Читать «Весна народов. Русские и украинцы между Булгаковым и Петлюрой» онлайн - страница 6

Сергей Станиславович Беляков

Анатолий Савенко, популярный киевский журналист, депутат Государственной думы, сравнил предстоящий праздник Шевченко с государственным преступлением. Грузный мужчина в пенсне, в дорогом костюме, с часами на толстой золотой цепочке, он не уставал клеймить мазепинцев. А мазепинцем или их пособником считался всякий, кто признавал существование украинского языка и украинского народа. На стороне Савенко был весь респектабельный Киевский клуб русских националистов. Правда, протестовали не против юбилея Шевченко вообще, а лишь против его политизации: «Из шевченковских торжеств будет сделана попытка демонстративного роста украинского сепаратизма с целью показать, что всё население Малороссии уже проникнуто стремлением к осуществлению идеалов Шевченко, т. е. к отторжению от Российской империи всей Малороссии, которая по планам Шевченко должна иметь “самостийное существование”». Из Киева в Петербург приезжали «союзники» (члены Союза русского народа), убеждали правительство запретить шевченковские торжества.

Власть откликнулась.
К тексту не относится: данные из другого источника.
(* Let $D\subseteq\mathbb R^d$ ($d\in\{1,2,3\}$) be open, bounded and of class $S$, $f_0,\phi_1,\dots,\phi_m\in L^2(D)$, $f(x,z):=f_0(x)+\sum_iz_i\phi_i(x)$, $\Xi\subset\mathbb R^m$ compact, $\alpha\in\mathbb R$, $F\colon L^2(D)\to\mathbb R$ Fréchet differentiable, $u^*\in L^2(D)$, and $y^*:=\hat{\mathcal S}(u^* )\in\mathcal C(\bar D\times\Xi)$. Then the following are equivalent: (a) there exists a nonnegative regular Borel measure $\mu^*\in\mathcal M(\bar D\times\Xi)$ with \[ \langle DF(u^* ),h\rangle+\int_{\bar D\times\Xi}[A^{-1}h](x)\,d\mu^*(x,z)=0\ \ \forall h\in L^2(D),\quad y^*(x,z)\le\alpha\ \ \forall(x,z)\in\bar D\times\Xi,\quad\int_{\bar D\times\Xi}(y^*(x,z)-\alpha)\,d\mu^*(x,z)=0; \] (b) there exist $\lambda^*\ge0$ and a Radon probability measure $\tilde\mu$ supported on $M(u^* )$ with \[ \langle DF(u^* ),h\rangle+\lambda^*\int_{\bar D\times\Xi}[A^{-1}h](x)\,d\tilde\mu(x,z)=0\ \ \forall h\in L^2(D),\quad \max_{(x,z)\in\bar D\times\Xi}y^*(x,z)\le\alpha,\quad\lambda^*\Big(\max_{(x,z)\in\bar D\times\Xi}y^*(x,z)-\alpha\Big)=0. \]
   Context: $D$ is of class $S$ if there exist $\gamma\in(0,1)$, $r_0>0$ with $\mathrm{meas}(B_r(x)\setminus D)\ge\gamma\,\mathrm{meas}(B_r(x))$ for all $x\in\partial D$, $r<r_0$. $A^{-1}\colon L^2(D)\to\mathcal C(\bar D)$ maps $h$ to the unique weak solution $y\in H_0^1(D)\cap\mathcal C(\bar D)$ of $-\Delta y=h$, $y|_{\partial D}=0$. $\hat{\mathcal S}(u)\in\mathcal C(\bar D\times\Xi)$ is given by $[\hat{\mathcal S}(u)](\cdot,z)=A^{-1}(u+f(\cdot,z))$ for $z\in\Xi$. $M(u):=\{(x,z)\in\bar D\times\Xi\mid[\hat{\mathcal S}(u)](x,z)=\max_{(x',z')\in\bar D\times\Xi}[\hat{\mathcal S}(u)](x',z')\}$. *)

theory Defs
  imports "HOL-Probability.Probability"
begin

definition class_S :: "(real^'n) set \<Rightarrow> bool" where
  "class_S D \<longleftrightarrow> (\<exists>\<gamma> r0. 0 < \<gamma> \<and> \<gamma> < 1 \<and> 0 < r0 \<and>
     (\<forall>x\<in>frontier D. \<forall>r. 0 < r \<and> r < r0 \<longrightarrow>
        measure lebesgue (ball x r - D) \<ge> \<gamma> * measure lebesgue (ball x r)))"

(* L^2(D): measurable functions square integrable over D (values outside D irrelevant) *)
definition L2 :: "(real^'n) set \<Rightarrow> (real^'n \<Rightarrow> real) set" where
  "L2 D = {f. f \<in> borel_measurable lebesgue \<and> set_integrable lebesgue D (\<lambda>x. (f x)\<^sup>2)}"

definition L2_norm :: "(real^'n) set \<Rightarrow> (real^'n \<Rightarrow> real) \<Rightarrow> real" where
  "L2_norm D f = sqrt (LINT x:D|lebesgue. (f x)\<^sup>2)"

(* F is a well-defined functional on L^2(D) (respects a.e. equality on D),
   Frechet differentiable at u with derivative DF (a bounded linear functional on L^2(D)) *)
definition L2_frechet_deriv ::
  "(real^'n) set \<Rightarrow> ((real^'n \<Rightarrow> real) \<Rightarrow> real) \<Rightarrow> (real^'n \<Rightarrow> real)
     \<Rightarrow> ((real^'n \<Rightarrow> real) \<Rightarrow> real) \<Rightarrow> bool" where
  "L2_frechet_deriv D F u DF \<longleftrightarrow>
     (\<forall>f\<in>L2 D. \<forall>g\<in>L2 D. (AE x in lebesgue. x \<in> D \<longrightarrow> f x = g x) \<longrightarrow> F f = F g) \<and>
     (\<forall>f\<in>L2 D. \<forall>g\<in>L2 D. DF (\<lambda>x. f x + g x) = DF f + DF g) \<and>
     (\<forall>f\<in>L2 D. \<forall>c. DF (\<lambda>x. c * f x) = c * DF f) \<and>
     (\<exists>C. \<forall>h\<in>L2 D. \<bar>DF h\<bar> \<le> C * L2_norm D h) \<and>
     (\<forall>e>0. \<exists>\<delta>>0. \<forall>h\<in>L2 D. L2_norm D h < \<delta> \<longrightarrow>
        \<bar>F (\<lambda>x. u x + h x) - F u - DF h\<bar> \<le> e * L2_norm D h)"

(* C^infinity functions: every iterated partial derivative exists *)
definition smooth_fun :: "(real^'n \<Rightarrow> real) \<Rightarrow> bool" where
  "smooth_fun f \<longleftrightarrow> (\<exists>S. f \<in> S \<and> (\<forall>g\<in>S. (\<forall>x. g differentiable (at x)) \<and>
       (\<forall>i. (\<lambda>x. frechet_derivative g (at x) (axis i 1)) \<in> S)))"

definition pd :: "(real^'n \<Rightarrow> real) \<Rightarrow> 'n \<Rightarrow> real^'n \<Rightarrow> real" where
  "pd g i x = frechet_derivative g (at x) (axis i 1)"

definition test_fn :: "(real^'n) set \<Rightarrow> (real^'n \<Rightarrow> real) \<Rightarrow> bool" where
  "test_fn D \<phi> \<longleftrightarrow> smooth_fun \<phi> \<and> compact (closure {x. \<phi> x \<noteq> 0})
      \<and> closure {x. \<phi> x \<noteq> 0} \<subseteq> D"

definition weak_grad :: "(real^'n) set \<Rightarrow> (real^'n \<Rightarrow> real) \<Rightarrow> (real^'n \<Rightarrow> real^'n) \<Rightarrow> bool" where
  "weak_grad D y G \<longleftrightarrow> (\<forall>i. (\<lambda>x. G x $ i) \<in> borel_measurable lebesgue) \<and>
     (\<forall>\<phi> i. test_fn D \<phi> \<longrightarrow>
        set_integrable lebesgue D (\<lambda>x. y x * pd \<phi> i x) \<and>
        set_integrable lebesgue D (\<lambda>x. G x $ i * \<phi> x) \<and>
        (LINT x:D|lebesgue. y x * pd \<phi> i x) = - (LINT x:D|lebesgue. G x $ i * \<phi> x))"

definition H01 :: "(real^'n) set \<Rightarrow> (real^'n \<Rightarrow> real) set" where
  "H01 D = {y. y \<in> L2 D \<and> (\<exists>G. weak_grad D y G \<and> (\<forall>i. (\<lambda>x. G x $ i) \<in> L2 D) \<and>
      (\<exists>\<psi>. (\<forall>k. test_fn D (\<psi> k)) \<and>
         (\<lambda>k. LINT x:D|lebesgue. (y x - \<psi> k x)\<^sup>2 + (\<Sum>i\<in>UNIV. (G x $ i - pd (\<psi> k) i x)\<^sup>2))
           \<longlonglongrightarrow> 0))}"

definition poisson_sol :: "(real^'n) set \<Rightarrow> (real^'n \<Rightarrow> real) \<Rightarrow> (real^'n \<Rightarrow> real) \<Rightarrow> bool" where
  "poisson_sol D h y \<longleftrightarrow> y \<in> H01 D \<and> continuous_on (closure D) y \<and>
     (\<forall>x\<in>frontier D. y x = 0) \<and>
     (\<exists>G. weak_grad D y G \<and> (\<forall>\<phi>. test_fn D \<phi> \<longrightarrow>
        (LINT x:D|lebesgue. (\<Sum>i\<in>UNIV. G x $ i * pd \<phi> i x)) = (LINT x:D|lebesgue. h x * \<phi> x)))"

definition regular_measure :: "'a::topological_space measure \<Rightarrow> bool" where
  "regular_measure \<mu> \<longleftrightarrow> (\<forall>A\<in>sets \<mu>.
     emeasure \<mu> A = (INF U\<in>{U. open U \<and> A \<subseteq> U}. emeasure \<mu> U) \<and>
     emeasure \<mu> A = (SUP K\<in>{K. compact K \<and> K \<subseteq> A}. emeasure \<mu> K))"

definition measure_support :: "'a::metric_space measure \<Rightarrow> 'a set" where
  "measure_support \<mu> = {p. \<forall>e>0. emeasure \<mu> (ball p e) > 0}"

definition rhs_f :: "(real^'n \<Rightarrow> real) \<Rightarrow> ('m::finite \<Rightarrow> real^'n \<Rightarrow> real) \<Rightarrow> real^'n \<Rightarrow> real^'m \<Rightarrow> real" where
  "rhs_f f0 \<phi> x z = f0 x + (\<Sum>i\<in>UNIV. z $ i * \<phi> i x)"

definition Shat :: "((real^'n \<Rightarrow> real) \<Rightarrow> (real^'n \<Rightarrow> real)) \<Rightarrow> (real^'n \<Rightarrow> real)
    \<Rightarrow> ('m::finite \<Rightarrow> real^'n \<Rightarrow> real) \<Rightarrow> (real^'n \<Rightarrow> real) \<Rightarrow> (real^'n) \<times> (real^'m) \<Rightarrow> real" where
  "Shat Ainv f0 \<phi> u p = Ainv (\<lambda>x'. u x' + rhs_f f0 \<phi> x' (snd p)) (fst p)"

definition Mset :: "(real^'n) set \<Rightarrow> (real^'m::finite) set \<Rightarrow> ((real^'n \<Rightarrow> real) \<Rightarrow> (real^'n \<Rightarrow> real))
    \<Rightarrow> (real^'n \<Rightarrow> real) \<Rightarrow> ('m \<Rightarrow> real^'n \<Rightarrow> real) \<Rightarrow> (real^'n \<Rightarrow> real) \<Rightarrow> ((real^'n) \<times> (real^'m)) set" where
  "Mset D \<Xi> Ainv f0 \<phi> u = {p \<in> closure D \<times> \<Xi>.
      Shat Ainv f0 \<phi> u p = (SUP q\<in>closure D \<times> \<Xi>. Shat Ainv f0 \<phi> u q)}"

end

(*
  A^{-1} is linear: weak solutions of the Dirichlet problem form a linear space, and a
  solution y with zero data vanishes.  For the latter, the weak equation makes the weak
  gradient of y orthogonal to the gradients of the test functions approximating y in H^1,
  so the gradient is zero, and the Poincare inequality for these test functions then forces
  y = 0.  Hence y* = Shat u* is affine in z and continuous on the compact set closure D x Xi,
  and the equivalence becomes a statement about measures on a compact metric space K
  carrying a continuous S <= alpha: the complementarity condition integral (S - alpha) d mu = 0
  says that mu lives on the level set {S = alpha}, which is the set of maximisers of S as
  soon as mu is nonzero.  Normalising mu by lambda* = mu(K) gives (b), and scaling the
  probability measure by lambda* gives back (a).
*)
theory Submission
  imports Defs
begin

section \<open>Square-integrable functions\<close>

definition L2_inner :: "(real^'n) set \<Rightarrow> (real^'n \<Rightarrow> real) \<Rightarrow> (real^'n \<Rightarrow> real) \<Rightarrow> real" where
  "L2_inner D f g = (LINT x:D|lebesgue. f x * g x)"

lemma set_integrable_L2_mult:
  assumes D: "D \<in> sets lebesgue" and f: "f \<in> L2 D" and g: "g \<in> L2 D"
  shows "set_integrable lebesgue D (\<lambda>x. f x * g x)"
proof (rule set_integrable_bound)
  have [measurable]: "f \<in> borel_measurable lebesgue" "g \<in> borel_measurable lebesgue"
    using f g by (auto simp: L2_def)
  show "set_integrable lebesgue D (\<lambda>x. (f x)\<^sup>2 + (g x)\<^sup>2)"
    using f g by (auto simp: L2_def intro: set_integral_add)
  show "set_borel_measurable lebesgue D (\<lambda>x. f x * g x)"
    using D by (simp add: set_borel_measurable_def)
  have "\<bar>f x * g x\<bar> \<le> (f x)\<^sup>2 + (g x)\<^sup>2" for x
  proof -
    have "2 * (\<bar>f x\<bar> * \<bar>g x\<bar>) \<le> (f x)\<^sup>2 + (g x)\<^sup>2"
      using sum_squares_bound[of "\<bar>f x\<bar>" "\<bar>g x\<bar>"] by (simp add: mult.assoc)
    moreover have "0 \<le> \<bar>f x\<bar> * \<bar>g x\<bar>" by simp
    ultimately show ?thesis unfolding abs_mult by linarith
  qed
  then show "AE x in lebesgue. x \<in> D \<longrightarrow> norm (f x * g x) \<le> norm ((f x)\<^sup>2 + (g x)\<^sup>2)"
    by simp
qed

lemma set_integrable_lin:
  fixes f g :: "'a \<Rightarrow> real"
  assumes "set_integrable M A f" and "set_integrable M A g"
  shows "set_integrable M A (\<lambda>x. a * f x + b * g x)"
  using assms by (intro set_integral_add set_integrable_mult_right)

lemma set_integral_lin:
  fixes f g :: "'a \<Rightarrow> real"
  assumes "set_integrable M A f" and "set_integrable M A g"
  shows "(LINT x:A|M. a * f x + b * g x) = a * (LINT x:A|M. f x) + b * (LINT x:A|M. g x)"
  using assms by (simp add: set_integrable_mult_right set_integral_add set_integral_mult_right)

lemma set_integrable_sum:
  fixes f :: "'i \<Rightarrow> 'a \<Rightarrow> real"
  assumes "\<And>i. i \<in> I \<Longrightarrow> set_integrable M A (f i)"
  shows "set_integrable M A (\<lambda>x. \<Sum>i\<in>I. f i x)"
  using assms unfolding set_integrable_def scaleR_sum_right by (rule Bochner_Integration.integrable_sum)

lemma set_integral_sum:
  fixes f :: "'i \<Rightarrow> 'a \<Rightarrow> real"
  assumes "\<And>i. i \<in> I \<Longrightarrow> set_integrable M A (f i)"
  shows "(LINT x:A|M. (\<Sum>i\<in>I. f i x)) = (\<Sum>i\<in>I. (LINT x:A|M. f i x))"
  using assms unfolding set_lebesgue_integral_def set_integrable_def scaleR_sum_right
  by (rule Bochner_Integration.integral_sum)

lemma L2_lin:
  assumes D: "D \<in> sets lebesgue" and f: "f \<in> L2 D" and g: "g \<in> L2 D"
  shows "(\<lambda>x. a * f x + b * g x) \<in> L2 D"
proof -
  have [measurable]: "f \<in> borel_measurable lebesgue" "g \<in> borel_measurable lebesgue"
    using f g by (auto simp: L2_def)
  have "set_integrable lebesgue D
      (\<lambda>x. a\<^sup>2 * (f x * f x) + (2 * a * b * (f x * g x) + b\<^sup>2 * (g x * g x)))"
    using set_integrable_L2_mult[OF D f f] set_integrable_L2_mult[OF D f g]
      set_integrable_L2_mult[OF D g g]
    by (intro set_integral_add set_integrable_mult_right)
  then show ?thesis
    unfolding L2_def by (simp add: power2_eq_square algebra_simps)
qed

lemma L2_diff:
  assumes "D \<in> sets lebesgue" and "f \<in> L2 D" and "g \<in> L2 D"
  shows "(\<lambda>x. f x - g x) \<in> L2 D"
  using L2_lin[OF assms, of 1 "-1"] by simp

lemma L2_sum:
  assumes D: "D \<in> sets lebesgue" and "finite I" and "\<And>i. i \<in> I \<Longrightarrow> h i \<in> L2 D"
  shows "(\<lambda>x. \<Sum>i\<in>I. c i * h i x) \<in> L2 D"
  using assms(2,3)
proof (induction I rule: finite_induct)
  case empty
  then show ?case by (simp add: L2_def)
next
  case (insert j I)
  then show ?case using L2_lin[OF D, of "h j" "\<lambda>x. \<Sum>i\<in>I. c i * h i x" "c j" 1] by simp
qed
Министр внутренних дел Н.А.Маклаков направил циркуляр, запрещавший «публичные чествования малороссийского писателя Тараса Шевченко». Попечитель Киевского учебного округа, известный антиковед А.Н.Деревицкий направил свой циркуляр директорам гимназий и народных училищ, рекомендуя не допускать «распространения тенденциозной украинской юбилейной литературы», не прерывать занятий и не разрешать «учащимся принимать участие в юбилейном чествовании памяти названного поэта».

Святейший синод дал духовенству довольно-таки лукавую и двусмысленную рекомендацию. Не запрещая поминовение «раба Божия Тараса» (это просто невозможно, ведь Шевченко никогда не отлучали от церкви), Синод замечал, что «…прямое и деятельное участие православного духовенства в чествовании может быть ложно истолковано и поэтому было бы неудобно». Попытка избежать скандала, как это часто бывает, скандал только спровоцировала. Осторожную формулировку восприняли как запрет служить панихиду по Шевченко, что возмутило множество людей, от кадетов и трудовиков в Думе до украинских селян, мещан, интеллигентов.

События развивались стремительно. В Петербурге как раз шла очередная сессия Государственной думы, вопрос о юбилее Шевченко обсуждали на пяти заседаниях – 11, 12, 19, 26 февраля и 5 марта. Левые – от социал-демократов до кадетов – опротестовали циркуляр Маклакова как противозаконный. Среди первых под депутатским запросом свою подпись поставил Александр Федорович Керенский, в то время депутат от фракции трудовиков. Депутат Родичев, лучший оратор кадетов, стыдил власть, переходя от справедливого возмущения к патетическим угрозам: «…малороссам Шевченко дорог не меньше, чем полякам Мицкевич и чем нам Пушкин. Представьте себе, что вам бы запретили праздновать столетие Пушкина <…>. Недостойно существование той страны, где гражданин говорит не на языке родной своей матери, а должен говорить на чужом ему языке; недостойно существование гражданина в той стране, где ему запрещают свободное поклонение той истине, тем людям, к которым лежит, пламенеет его сердце. По благороднейшим чувствам бьет правительство, и с ними оно борется».